9 October 2025
WH Ireland Group Plc
(“WH Ireland” or the “Company”)
WH Ireland announces that at its General Meeting held earlier today resolutions (as detailed in the Company’s announcement of 22 September 2025) to authorise the proposed disposal of the business and assets of the Group’s wealth management business to Oberon Investments Limited (the “Proposed Transaction”) and the associated delisting of the Company’s ordinary shares from trading on AIM (the “Delisting”) were put to shareholders (together the “Resolutions”).
The votes received from shareholders on each resolution were as set out below.

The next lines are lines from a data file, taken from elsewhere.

lemma psd2_diag2: "0 \<le> a \<Longrightarrow> 0 \<le> b \<Longrightarrow> psd2 (diag2 a b)"
proof -
  assume "0 \<le> a" "0 \<le> b"
  moreover have "quad_form v (diag2 a b) = of_real a * (v $ 1 * cnj (v $ 1)) + of_real b * (v $ 2 * cnj (v $ 2))" for v
    by (simp add: quad_form_def diag2_def mat2_def matrix_vector_mult_def sum_2 mult_ac)
  ultimately show ?thesis
    by (simp add: psd2_iff_quad_form complex_norm_square[symmetric] del: of_real_power)
qed

section \<open>Operator-valued set integrals\<close>

lemma set_integral_bounded_linear:
  assumes "bounded_linear T" "set_integrable M S f"
  shows "(LINT x:S|M. T (f x)) = T (LINT x:S|M. f x)"
  using integral_bounded_linear[OF assms(1) assms(2)[unfolded set_integrable_def]]
  by (simp add: set_lebesgue_integral_def linear_simps(5)[OF assms(1)])

lemma set_integral_UNIV: "(LINT x:UNIV|M. f x) = integral\<^sup>L M f"
  by (simp add: set_lebesgue_integral_def)

lemma psd2_set_integral:
  assumes "set_integrable M S D" and "\<And>x. x \<in> S \<Longrightarrow> psd2 (D x)"
  shows "psd2 (LINT x:S|M. D x)"
  unfolding psd2_iff_quad_form
proof
  fix v
  have lin: "bounded_linear (\<lambda>A. Re (quad_form v A))" "bounded_linear (\<lambda>A. Im (quad_form v A))"
    by (auto intro: bounded_linear_compose[OF _ bounded_linear_quad_form] bounded_linear_Re bounded_linear_Im)
  have "Im (quad_form v (LINT x:S|M. D x)) = (LINT x:S|M. Im (quad_form v (D x)))"
    using set_integral_bounded_linear[OF lin(2) assms(1)] ..
  also have "\<dots> = 0"
    using assms(2) by (auto simp: set_lebesgue_integral_def psd2_iff_quad_form
        intro!: integral_eq_zero_AE split: split_indicator)
  finally have "Im (quad_form v (LINT x:S|M. D x)) = 0" .
  moreover have "Re (quad_form v (LINT x:S|M. D x)) = (LINT x:S|M. Re (quad_form v (D x)))"
    using set_integral_bounded_linear[OF lin(1) assms(1)] ..
  moreover have "0 \<le> (LINT x:S|M. Re (quad_form v (D x)))"
    using assms(2) by (auto simp: set_lebesgue_integral_def psd2_iff_quad_form
        intro!: integral_nonneg split: split_indicator)
  ultimately show "Im (quad_form v (LINT x:S|M. D x)) = 0 \<and> 0 \<le> Re (quad_form v (LINT x:S|M. D x))"
    by simp
qed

Both the Resolutions failed and accordingly neither the Proposed Transaction nor the Delisting are approved and therefore are unable to be progressed.
Total votes In favour |
% of votes In favour |
Total votes Against |
% of votes Against | |
---|---|---|---|---|
Ordinary Resolution 1 (Proposed Transaction) | 7,263,475 | 4.37% | 158,995,502 | 95.63% |
Special Resolution 2 (Delisting ) | 73,990,192 | 44.50% | 92,268,785 | 55.50% |
Details of the result of the voting are also available on the Company’s website: https://www.whirelandplc.com/investor-relations/shareholder-information.
The Directors will now consult with the Company’s principal shareholders to ascertain their views for the future plans of the business and they are looking to progress this in a constructive and expeditious manner. At the current time the Group continues to be loss making but has sufficient liquidity and regulatory capital to be able to continue to operate on a “business as usual” basis.
Given the rejection of the Resolutions at the General Meeting, the non-executive directors have concluded that this effective vote of no confidence in the Board leaves them with no option but to tender their resignations. Accordingly, each of Simon Moore and Garry Stran today notified the Board that they will resign as a director of the Company, with effect from 9 January 2026 (or earlier, by mutual agreement with the Board). Any change to this resignation date will be announced. The non-executive directors are fully committed to working with the Company to affect an orderly transition and handover in the coming months taking into account any views that might be expressed by any principal shareholders as part of their anticipated consultations.